Боже милостивый, Кэтрин никак не могла понять этого парня. То он угрожал кляпом и наручниками, то снимал с себя рубашку только потому, что ему показалось, будто она замерзла. Кэтрин могла бы назвать это раздвоением личности. А что тогда сказать про себя?

Она в общем-то ничего особенного не делала, бунт всегда был любимым занятием Кейли, как раз то, чего Кэтрин обычно избегала. Однако сейчас она вела себя с такой же безрассудной свободой, которую испытала в ту ночь, когда они с сестрой решили сделать татуировку на заднице, а если этот пример не является прекрасной иллюстрацией того, что здравомыслие не самая заметная черта ее натуры, то тогда она не знает, какой аргумент можно привести.

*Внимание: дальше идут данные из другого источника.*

lemma index_conj_op_lift_bra:
  assumes \<rho>: "\<rho> \<in> carrier_mat (n * 2) (n * 2)" and "a < n" "c < n" "b < 2"
  shows "conj_op (lift n (bra b)) \<rho> $$ (a, c) = \<rho> $$ (a * 2 + b, c * 2 + b)"
proof -
  have "mat_block 1 1 a c (conj_op (lift n (bra b)) \<rho>) = conj_op (bra b) (mat_block 2 2 a c \<rho>)"
    using bra_carrier_mat \<rho> assms(2,3) by (rule mat_block_conj_op_lift)
  then have "mat_block 1 1 a c (conj_op (lift n (bra b)) \<rho>) $$ (0, 0)
    = conj_op (bra b) (mat_block 2 2 a c \<rho>) $$ (0, 0)"
    by (rule arg_cong)
  then show ?thesis
    using assms by (simp add: index_conj_op_bra)
qed

lemma RU_carrier_mat [simp]:
  "V \<in> carrier_mat 2 2 \<Longrightarrow> \<rho> \<in> carrier_mat (n * 2) (n * 2) \<Longrightarrow>
    RU n V \<rho> \<in> carrier_mat (n * 2) (n * 2)"
  unfolding RU_def by (rule conj_op_carrier_mat[OF lift_carrier_mat])

lemma P4_mixture:
  assumes U: "U \<in> carrier_mat 2 2" and \<rho>: "\<rho> \<in> carrier_mat (n * 2) (n * 2)"
  shows "msum (n * 2) (map (\<lambda>d. (1/2 :: complex) \<cdot>\<^sub>m RU n (U * (pauliZ ^\<^sub>m d)) \<rho>) [0, 1])
    = 1/2 \<cdot>\<^sub>m RU n U \<rho> + 1/2 \<cdot>\<^sub>m RU n (U * pauliZ) \<rho>"
proof -
  have "dim_col U = 2" using U by auto
  moreover have "RU n (U * pauliZ) \<rho> \<in> carrier_mat (n * 2) (n * 2)"
    using mult_carrier_mat[OF U pauliZ_carrier_mat] \<rho> by (rule RU_carrier_mat)
  ultimately show ?thesis by (simp add: msum_pair)
qed

lemma P4_real_hon_eq_RSPSN_hon:
  assumes U: "U \<in> carrier_mat 2 2" and \<sigma>: "\<sigma> \<in> carrier_mat n n"
  shows "P4_real_hon n U \<sigma> = RSPSN_hon n U \<sigma>"
proof -
  let ?\<rho> = "kron \<sigma> (proj 0)"
  have \<rho>: "?\<rho> \<in> carrier_mat (n * 2) (n * 2)" using \<sigma> proj_carrier_mat by (rule kron_carrier_mat)
  have UZ: "U * pauliZ \<in> carrier_mat 2 2" using U pauliZ_carrier_mat by (rule mult_carrier_mat)
  have dims: "dim_row \<sigma> = n" "dim_col \<sigma> = n" using \<sigma> by auto
  have block_RU: "mat_block 2 2 a c (RU n V ?\<rho>) = \<sigma> $$ (a, c) \<cdot>\<^sub>m conj_op V (proj 0)"
    if "V \<in> carrier_mat 2 2" "a < n" "c < n" for V a c
    using that \<rho> dims by (simp add: RU_def mat_block_conj_op_lift mat_block_kron conj_op_smult)
  have real: "P4_real_hon n U \<sigma> = 1/2 \<cdot>\<^sub>m RU n U ?\<rho> + 1/2 \<cdot>\<^sub>m RU n (U * pauliZ) ?\<rho>"
    unfolding P4_real_hon_def using U \<rho> by (rule P4_mixture)
  show ?thesis
  proof (rule eq_mat_blockI[where n = n and m = n and p = 2 and q = 2])
    fix a c assume ac: "a < n" "c < n"
    have "mat_block 2 2 a c (P4_real_hon n U \<sigma>)
      = 1/2 \<cdot>\<^sub>m (\<sigma> $$ (a, c) \<cdot>\<^sub>m conj_op U (proj 0))
        + 1/2 \<cdot>\<^sub>m (\<sigma> $$ (a, c) \<cdot>\<^sub>m conj_op (U * pauliZ) (proj 0))"
      using ac U UZ \<rho>
      by (simp add: real mat_block_add[where n = n and m = n] mat_block_smult[where n = n and m = n]
          block_RU)
    also have "conj_op (U * pauliZ) (proj 0) = conj_op U (proj 0)"
      by (simp add: conj_op_mult[OF U pauliZ_carrier_mat proj_carrier_mat] conj_op_pauliZ_proj)
    also have "1/2 \<cdot>\<^sub>m (\<sigma> $$ (a, c) \<cdot>\<^sub>m conj_op U (proj 0))
        + 1/2 \<cdot>\<^sub>m (\<sigma> $$ (a, c) \<cdot>\<^sub>m conj_op U (proj 0))
      = \<sigma> $$ (a, c) \<cdot>\<^sub>m conj_op U (proj 0)"
      using U by (intro eq_matI) auto
    also have "\<dots> = mat_block 2 2 a c (RSPSN_hon n U \<sigma>)"
      using ac U dims by (simp add: RSPSN_hon_def RSPSN_def mat_block_kron)
    finally show "mat_block 2 2 a c (P4_real_hon n U \<sigma>) = mat_block 2 2 a c (RSPSN_hon n U \<sigma>)" .
  qed (use U UZ \<rho> \<sigma> in \<open>simp_all add: real RSPSN_hon_def RSPSN_def\<close>)
qed
lemma left_zero_bid_wins:
  assumes opts: "\<And>g q m'. g \<in> fset (lopts H) \<union> fset (ropts H) \<Longrightarrow> q \<le> TB \<Longrightarrow>
                   outc TB g q m' = normal_outcome g m'"
    and right_gt: "\<And>g. g \<in> fset (ropts H) \<Longrightarrow> game_gt TB g H"
    and richer: "\<And>q. p < q \<Longrightarrow> q \<le> TB \<Longrightarrow> outc TB H q m"
    and win: "normal_outcome H m" and "p \<le> TB" "r \<le> TB - p"
  shows "round_val TB H p m 0 r"
proof (cases "r = 0")
  case True
  show ?thesis
  proof (cases m)
    case True
    then obtain g where "g \<in> fset (lopts H)" "normal_outcome g False"
      using win by (auto simp: normal_outcome_left_first)
    then show ?thesis using True \<open>r = 0\<close> opts[of g p False] \<open>p \<le> TB\<close>
      by (auto simp: round_val_simps)
  next
    case False
    then have "outc TB g p True" if "g \<in> fset (ropts H)" for g
      using win that opts[of g p True] \<open>p \<le> TB\<close> by (simp add: normal_outcome_right_first)
    then show ?thesis using False \<open>r = 0\<close> by (simp add: round_val_simps)
  qed
next
  case False
  then have "outc TB g (p + r) m" if "g \<in> fset (ropts H)" for g
    using game_gt_outc_mono[OF right_gt[OF that], of "p + r"] richer[of "p + r"] \<open>r \<le> TB - p\<close>
    by simp
  moreover have "outc TB g (p + r) True" if "\<not> m" "g \<in> fset (ropts H)" for g
    using that win opts[of g "p + r" True] \<open>r \<le> TB - p\<close> \<open>p \<le> TB\<close>
    by (simp add: normal_outcome_right_first)
  ultimately show ?thesis using False
    by (cases m) (auto simp: round_val_simps)
qed

lemma right_zero_bid_wins:
  assumes opts: "\<And>g q m'. g \<in> fset (lopts H) \<union> fset (ropts H) \<Longrightarrow> q \<le> TB \<Longrightarrow>
                   outc TB g q m' = normal_outcome g m'"
    and left_gt: "\<And>g. g \<in> fset (lopts H) \<Longrightarrow> game_gt TB H g"
    and poorer: "\<And>q. q < p \<Longrightarrow> \<not> outc TB H q m"
    and loss: "\<not> normal_outcome H m" and "p \<le> TB" "l \<le> p"
  shows "\<not> round_val TB H p m l 0"
proof (cases "l = 0")
  case True
  show ?thesis
  proof (cases m)
    case True
    then have "\<not> outc TB g p False" if "g \<in> fset (lopts H)" for g
      using loss that opts[of g p False] \<open>p \<le> TB\<close> by (simp add: normal_outcome_left_first)
    then show ?thesis using True \<open>l = 0\<close> by (simp add: round_val_simps)
  next
    case False
    then obtain g where "g \<in> fset (ropts H)" "\<not> normal_outcome g True"
      using loss by (auto simp: normal_outcome_right_first)
    then show ?thesis using False \<open>l = 0\<close> opts[of g p True] \<open>p \<le> TB\<close>
      by (auto simp: round_val_simps)
  qed
next
  case False
  then have "\<not> outc TB g (p - l) m" if "g \<in> fset (lopts H)" for g
    using game_gt_outc_mono[OF left_gt[OF that], of "p - l"] poorer[of "p - l"]
      \<open>l \<le> p\<close> \<open>p \<le> TB\<close>
    by fastforce
  moreover have "\<not> outc TB g (p - l) False" if m "g \<in> fset (lopts H)" for g
    using that loss opts[of g "p - l" False] \<open>l \<le> p\<close> \<open>p \<le> TB\<close>
    by (simp add: normal_outcome_left_first)
  ultimately show ?thesis using False
    by (cases m) (auto simp: round_val_simps)
qed
definition prototypes :: "'x \<Rightarrow> 'y \<Rightarrow> ('x \<times> ('x, 'y) feedback) list \<Rightarrow> ('x, 'y) prototype list" where
  "prototypes x0 y0 h = foldl update [Prototype x0 y0 []] h"

definition prototype_learner :: "('x, 'y) learner" where
  "prototype_learner x0 y0 h z = predict (y0, x0) (prototypes x0 y0 h) z"

abbreviation labelled_anchor :: "('x, 'y) prototype \<Rightarrow> 'x \<times> 'y" where
  "labelled_anchor p \<equiv> (anchor p, plabel p)"

lemma prototypes_take_Suc:
  "i < length rs \<Longrightarrow> prototypes x0 y0 (take (Suc i) rs) = update (prototypes x0 y0 (take i rs)) (rs ! i)"
  by (simp add: prototypes_def take_Suc_conv_app_nth)

lemma pred_prototype_learner:
  "pred prototype_learner x0 y0 rs i = predict (y0, x0) (prototypes x0 y0 (take i rs)) (fst (rs ! i))"
  by (simp add: pred_def prototype_learner_def)

lemma predict_cases: "predict d S z = d \<or> (\<exists>p \<in> set S. predict d S z = (plabel p, anchor p))"
  by (induction S) auto

lemma refine_split:
  assumes "\<exists>p \<in> set S. covers p z"
  obtains S1 p S2 where "S = S1 @ p # S2" "covers p z"
    "predict d S z = (plabel p, anchor p)" "refine \<phi> z S = S1 @ exclude \<phi> p # S2"
  using assms
proof (induction S arbitrary: thesis)
  case Nil
  then show ?case by simp
next
  case (Cons q S)
  show ?case
  proof (cases "covers q z")
    case True
    then show ?thesis by (intro Cons.prems(1)[of "[]" q S]) auto
  next
    case False
    then obtain S1 p S2 where "S = S1 @ p # S2" "covers p z"
      "predict d S z = (plabel p, anchor p)" "refine \<phi> z S = S1 @ exclude \<phi> p # S2"
      using Cons.IH Cons.prems(2) by auto
    with False show ?thesis by (intro Cons.prems(1)[of "q # S1" p S2]) auto
  qed
qed

lemma refine_no_cover: "\<forall>p \<in> set S. \<not> covers p z \<Longrightarrow> refine \<phi> z S = S"
  by (induction S) auto

lemma length_refine [simp]: "length (refine \<phi> z S) = length S"
  by (induction S) auto

lemma anchor_labels_refine: "labelled_anchor ` set (refine \<phi> z S) = labelled_anchor ` set S"
  by (induction S) auto

lemma anchor_labels_update:
  "labelled_anchor ` set (update S (x, fb)) \<subseteq>
     labelled_anchor ` set S \<union> {(x, y) | y \<phi>. fb = Some (y, \<phi>)}"
proof (cases fb)
  case (Some fb')
  then obtain y \<phi> where fb: "fb = Some (y, \<phi>)"
    by (cases fb') auto
  then have "set (update S (x, fb)) \<subseteq> insert (Prototype x y []) (set (refine \<phi> x S))"
    by (auto simp: admit_def)
  then show ?thesis
    using fb anchor_labels_refine[of \<phi> x S] by fastforce
qed simp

Даже не будь татуировки, все равно Кэтрин никого да не забыть ту ночь, когда ни по какой другой причине, а только из чувства солидарности Кэтрин, вдруг восстав против материнских нотаций и стонов о том, что Кейли постоянно крадет дешевое вино из-под носа отца, предложила сделать наколку «поцелуй меня в задницу». И словно не высказанный вслух протест против бесконечных материнских предостережений, маленькие красные целующие губы казались очень забавными и к месту. Именно этот случай продемонстрировал, что произойдет, если Кэтрин даст волю своим порывам. На следующее утро, проснувшись с больной головой и саднящей болью в ягодице и «зарубкой» на всю жизнь, она уже не смеялась.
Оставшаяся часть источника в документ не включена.